As discussed above, there is concern that crystalloid administration has the potential to worsen the lethal triad through worsening dilutional coagulopathy. Crystalloids do not carry oxygen nor do they clot. Instead, it has become clear that significant blood loss must be replaced with blood. It is widely acknowledged that in patients with massive hemorrhage and transfusion requirements, initial resuscitation with red blood cells (RBC), fresh frozen plasma (FFP), and platelets may improve survival when compared to a crystalloid first approach. The goal has now become to provide the blood components that approximate the whole blood that a hemorrhaging patient has lost.

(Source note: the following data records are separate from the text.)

(* Let $H$ be a complex Hilbert space and $\{\mathcal{U}(t)\}_{t\geq 0}$ a strongly continuous semigroup on $H$ with generator $\mathcal{L}$. Let $z\in D(\mathcal{L}^\dagger)$ with $z\neq0$, $\mathcal{P}:=(\cdot,z)(z,z)^{-1}z$, $\mathcal{Q}:=1-\mathcal{P}$, and let $x\in H$. Let $f(x,\cdot):\mathbb{R}_+\to\mathbb{C}$ be the unique continuous solution of the Volterra equation $$f(x,t)=(\mathcal{U}(t)\mathcal{Q}x,\mathcal{Q}\mathcal{L}^\dagger z)(z,z)^{-1}-\int_0^tf(x,t-s)\,(\mathcal{U}(s)z,\mathcal{Q}\mathcal{L}^\dagger z)(z,z)^{-1}\,ds,$$ and define $u(x,t):=\mathcal{P}x+\mathcal{U}(t)\mathcal{Q}x-\int_0^tf(x,t-s)\,\mathcal{U}(s)z\,ds$ for $t\ge0$. Then $u(x,\cdot)$ is a mild solution of the abstract Cauchy problem associated to $\overline{\mathcal{QL}}\mathcal{Q}$, i.e. $t\mapsto u(x,t)$ is continuous, and for every $t\ge0$, $\int_0^tu(x,s)\,ds\in D(\overline{\mathcal{QL}}\mathcal{Q})$ and $u(x,t)=x+\overline{\mathcal{QL}}\mathcal{Q}\int_0^tu(x,s)\,ds$.
   Context: The scalar product $(\cdot,\cdot)$ on $H$ is conjugate-linear in its second argument. The generator is $\mathcal{L}x:=\lim_{h\searrow 0}\frac1h[\mathcal{U}(h)x-x]$ on the set $D(\mathcal{L})$ where the limit exists; $\dagger$ denotes the adjoint, the overbar the closure (the operator $\mathcal{QL}$ is closable under these assumptions); $D(\overline{\mathcal{QL}}\mathcal{Q})=\{y:\mathcal{Q}y\in D(\overline{\mathcal{QL}})\}$. Integrals are Bochner integrals. *)

theory Defs
  imports "HOL-Analysis.Analysis"
begin

class cvector = real_vector +
  fixes scaleC :: "complex \<Rightarrow> 'a \<Rightarrow> 'a" (infixr \<open>*\<^sub>C\<close> 75)
  assumes scaleC_add_right: "a *\<^sub>C (x + y) = a *\<^sub>C x + a *\<^sub>C y"
    and scaleC_add_left: "(a + b) *\<^sub>C x = a *\<^sub>C x + b *\<^sub>C x"
    and scaleC_scaleC: "a *\<^sub>C (b *\<^sub>C x) = (a * b) *\<^sub>C x"
    and scaleC_one: "1 *\<^sub>C x = x"
    and scaleR_scaleC: "r *\<^sub>R x = complex_of_real r *\<^sub>C x"

class chilbert = cvector + banach +
  fixes cinner :: "'a \<Rightarrow> 'a \<Rightarrow> complex"
  assumes cinner_commute: "cinner x y = cnj (cinner y x)"
    and cinner_add_left: "cinner (x + y) w = cinner x w + cinner y w"
    and cinner_scaleC_left: "cinner (a *\<^sub>C x) y = a * cinner x y"
    and cinner_nonneg: "0 \<le> Re (cinner x x)"
    and cinner_eq_zero_iff: "cinner x x = 0 \<longleftrightarrow> x = 0"
    and norm_eq_sqrt_cinner: "norm x = sqrt (Re (cinner x x))"

definition clinear_bounded :: "('a::chilbert \<Rightarrow> 'a) \<Rightarrow> bool" where
  "clinear_bounded T \<longleftrightarrow> bounded_linear T \<and> (\<forall>c x. T (c *\<^sub>C x) = c *\<^sub>C T x)"

definition C0_semigroup :: "(real \<Rightarrow> 'a::chilbert \<Rightarrow> 'a) \<Rightarrow> bool" where
  "C0_semigroup U \<longleftrightarrow>
     (\<forall>t\<ge>0. clinear_bounded (U t)) \<and>
     U 0 = id \<and>
     (\<forall>s\<ge>0. \<forall>t\<ge>0. U (s + t) = U s \<circ> U t) \<and>
     (\<forall>x. continuous_on {0..} (\<lambda>t. U t x))"

definition generator_graph :: "(real \<Rightarrow> 'a::chilbert \<Rightarrow> 'a) \<Rightarrow> ('a \<times> 'a) set" where
  "generator_graph U = {(x, y). ((\<lambda>h. (1 / h) *\<^sub>R (U h x - x)) \<longlongrightarrow> y) (at_right 0)}"

definition adjoint_graph :: "('a::chilbert \<times> 'a) set \<Rightarrow> ('a \<times> 'a) set" where
  "adjoint_graph G = {(y, y'). \<forall>(x, v)\<in>G. cinner v y = cinner x y'}"

definition op_of :: "('a \<times> 'b) set \<Rightarrow> 'a \<Rightarrow> 'b" where
  "op_of G x = (THE y. (x, y) \<in> G)"

definition projP :: "'a::chilbert \<Rightarrow> 'a \<Rightarrow> 'a" where
  "projP z v = (cinner v z / cinner z z) *\<^sub>C z"

definition projQ :: "'a::chilbert \<Rightarrow> 'a \<Rightarrow> 'a" where
  "projQ z v = v - projP z v"

definition QL_graph :: "(real \<Rightarrow> 'a::chilbert \<Rightarrow> 'a) \<Rightarrow> 'a \<Rightarrow> ('a \<times> 'a) set" where
  "QL_graph U z = {(x, projQ z y) | x y. (x, y) \<in> generator_graph U}"

end

theory Submission
  imports Defs
begin

(*
  Write w = Qx, a = L^dagger z and v(t) = U(t) w - int_0^t f(t-s) U(s) z ds, so that u = Px + v.
  From the integrated form U(h)y - y = int_0^h U(s) Ly ds of the generator and Fubini for the
  convolution, int_0^t v lies in D(L) with L int_0^t v = v(t) - w + (int_0^t f) z.
  Pairing this with z through the adjoint gives, for g(t) = (v(t), z) and
  beta = conj ((a, z) / (z, z)),
    g(t) + (z,z) int_0^t f = int_0^t (v(s), a) ds = beta int_0^t g + int_0^t (v(s), Qa) ds,
  and the Volterra equation says precisely (v(s), Qa) = (z,z) f(s). Hence g = beta int g, so g = 0
  and v = Qv. Applying Q to the generator identity yields QL int_0^t v = v(t) - w = u(t) - x,
  and int_0^t v = Q int_0^t u. Finally QL is already closed: on D(L) the P-part of Ly is
  (y, a) z / (z,z), so a limit of graph points of QL is again one.
*)

section \<open>Complex inner product spaces\<close>

lemma scaleC_zero_left [simp]: "(0::complex) *\<^sub>C (x::'a::cvector) = 0"
  by (metis add_cancel_right_right add_0 scaleC_add_left)

lemma scaleC_zero_right [simp]: "a *\<^sub>C (0::'a::cvector) = 0"
  by (metis add_cancel_right_right add_0 scaleC_add_right)

lemma scaleC_minus_right: "a *\<^sub>C (- x::'a::cvector) = - (a *\<^sub>C x)"
  by (metis add_eq_0_iff ab_left_minus scaleC_add_right scaleC_zero_right)

lemma scaleC_diff_right: "a *\<^sub>C (x - y::'a::cvector) = a *\<^sub>C x - a *\<^sub>C y"
  by (simp only: diff_conv_add_uminus scaleC_add_right scaleC_minus_right)

lemma scaleC_scaleR_commute: "a *\<^sub>C (r *\<^sub>R (x::'a::cvector)) = r *\<^sub>R (a *\<^sub>C x)"
  by (simp only: scaleR_scaleC scaleC_scaleC mult.commute)

lemma cinner_zero_left [simp]: "cinner 0 (y::'a::chilbert) = 0"
  using cinner_add_left[of 0 0 y] by simp

lemma cinner_zero_right [simp]: "cinner (x::'a::chilbert) 0 = 0"
  by (subst cinner_commute) simp

lemma cinner_add_right: "cinner (x::'a::chilbert) (y + w) = cinner x y + cinner x w"
  by (subst (1 2 3) cinner_commute) (simp add: cinner_add_left)

lemma cinner_scaleC_right: "cinner (x::'a::chilbert) (a *\<^sub>C y) = cnj a * cinner x y"
  by (subst (1 2) cinner_commute) (simp add: cinner_scaleC_left)

lemma cinner_diff_left: "cinner (x - w::'a::chilbert) y = cinner x y - cinner w y"
  by (metis add_diff_cancel_right' cinner_add_left diff_add_cancel)

lemma cinner_diff_right: "cinner (x::'a::chilbert) (y - w) = cinner x y - cinner x w"
  by (metis add_diff_cancel_right' cinner_add_right diff_add_cancel)

lemma cinner_scaleR_left: "cinner (r *\<^sub>R x::'a::chilbert) y = of_real r * cinner x y"
  by (simp add: scaleR_scaleC cinner_scaleC_left)

lemma cinner_self: "cinner (x::'a::chilbert) x = of_real ((norm x)\<^sup>2)"
proof -
  have "Im (cinner x x) = 0"
    using cinner_commute[of x x] by (metis cnj.simps(2) add.inverse_unique add_0 neg_equal_zero)
  moreover have "Re (cinner x x) = (norm x)\<^sup>2"
    using norm_eq_sqrt_cinner[of x] cinner_nonneg[of x] by simp
  ultimately show ?thesis by (simp add: complex_eq_iff)
qed

lemma norm_cinner_le: "cmod (cinner (x::'a::chilbert) y) \<le> norm x * norm y"
proof (cases "y = 0")
  case False
  define c where "c = cinner y y"
  define p where "p = cinner x y"
  have c: "c = of_real ((norm y)\<^sup>2)" "norm y > 0" using False by (auto simp: c_def cinner_self)
  then have cc: "c \<noteq> 0" "cnj c = c" by auto
  have "0 \<le> Re (cinner (x - (p / c) *\<^sub>C y) (x - (p / c) *\<^sub>C y))" by (rule cinner_nonneg)
  also have "cinner (x - (p / c) *\<^sub>C y) (x - (p / c) *\<^sub>C y) = cinner x x - p * cnj p / c"
    using cc by (simp add: cinner_diff_left cinner_diff_right cinner_scaleC_left cinner_scaleC_right
        c_def p_def cinner_commute[of y x] complex_cnj_divide field_simps)
  also have "\<dots> = of_real ((norm x)\<^sup>2 - (cmod p)\<^sup>2 / (norm y)\<^sup>2)"
    by (simp add: cinner_self c complex_norm_square[symmetric])
  finally have "(cmod p)\<^sup>2 \<le> (norm x * norm y)\<^sup>2"
    using c by (simp add: field_simps power_mult_distrib)
  then show ?thesis unfolding p_def by (simp add: power2_le_iff_abs_le)
qed simp

lemma norm_scaleC: "norm (a *\<^sub>C (x::'a::chilbert)) = cmod a * norm x"
proof -
  have "cinner (a *\<^sub>C x) (a *\<^sub>C x) = (a * cnj a) * cinner x x"
    by (simp add: cinner_scaleC_left cinner_scaleC_right mult.assoc)
  then have "of_real ((norm (a *\<^sub>C x))\<^sup>2) = (of_real ((cmod a * norm x)\<^sup>2) :: complex)"
    by (simp only: cinner_self complex_norm_square[symmetric] power_mult_distrib of_real_mult)
  then have "(norm (a *\<^sub>C x))\<^sup>2 = (cmod a * norm x)\<^sup>2"
    by (simp only: of_real_eq_iff)
  then show ?thesis by (simp add: power2_eq_iff_nonneg)
qed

As whole blood has not demonstrated significant benefit over component therapy and as the blood bank system in the United States is largely adapted for component therapy, there has been much interest in identifying the optimal ratio of blood products in component therapy. A number of clinical trials have concluded that the initial approach to patients who are likely to receive massive transfusions, such as a hypotensive patient with a penetrating injury, be performed in a 1 unit of platelets to 1 unit FFP to 1 RBC or a 1:1:1 ratio. Holcomb et al. studied the benefit of a 1:1:1 ratio compared to the 1:1:2 ratio in the PROPPR trial, a large, multicenter, randomized clinical trial. This trial found that patients transfused with a 1:1:1 ratio had fewer deaths due to exsanguination at 24 h and achieved hemostasis more often. Patients with severe trauma requiring massive blood transfusion should be treated with a 1:1:1 transfusion ratio of blood products. Labs are often unreliable and too slow to use properly in the setting of hemorrhagic shock. Rapid point-of-care thromboelastrography can be used to guide resuscitation in this setting but is not universally available. Instead the 1:1:1 ratio should be used as a guide until bleeding has subsided.

The temporal distribution of trauma deaths has shifted since first described by Trunkey in 1983. Today, the proportion of late-phase deaths has decreased significantly, while the early phase deaths have not changed. Instead, the proportion of immediate phase deaths has increased even more.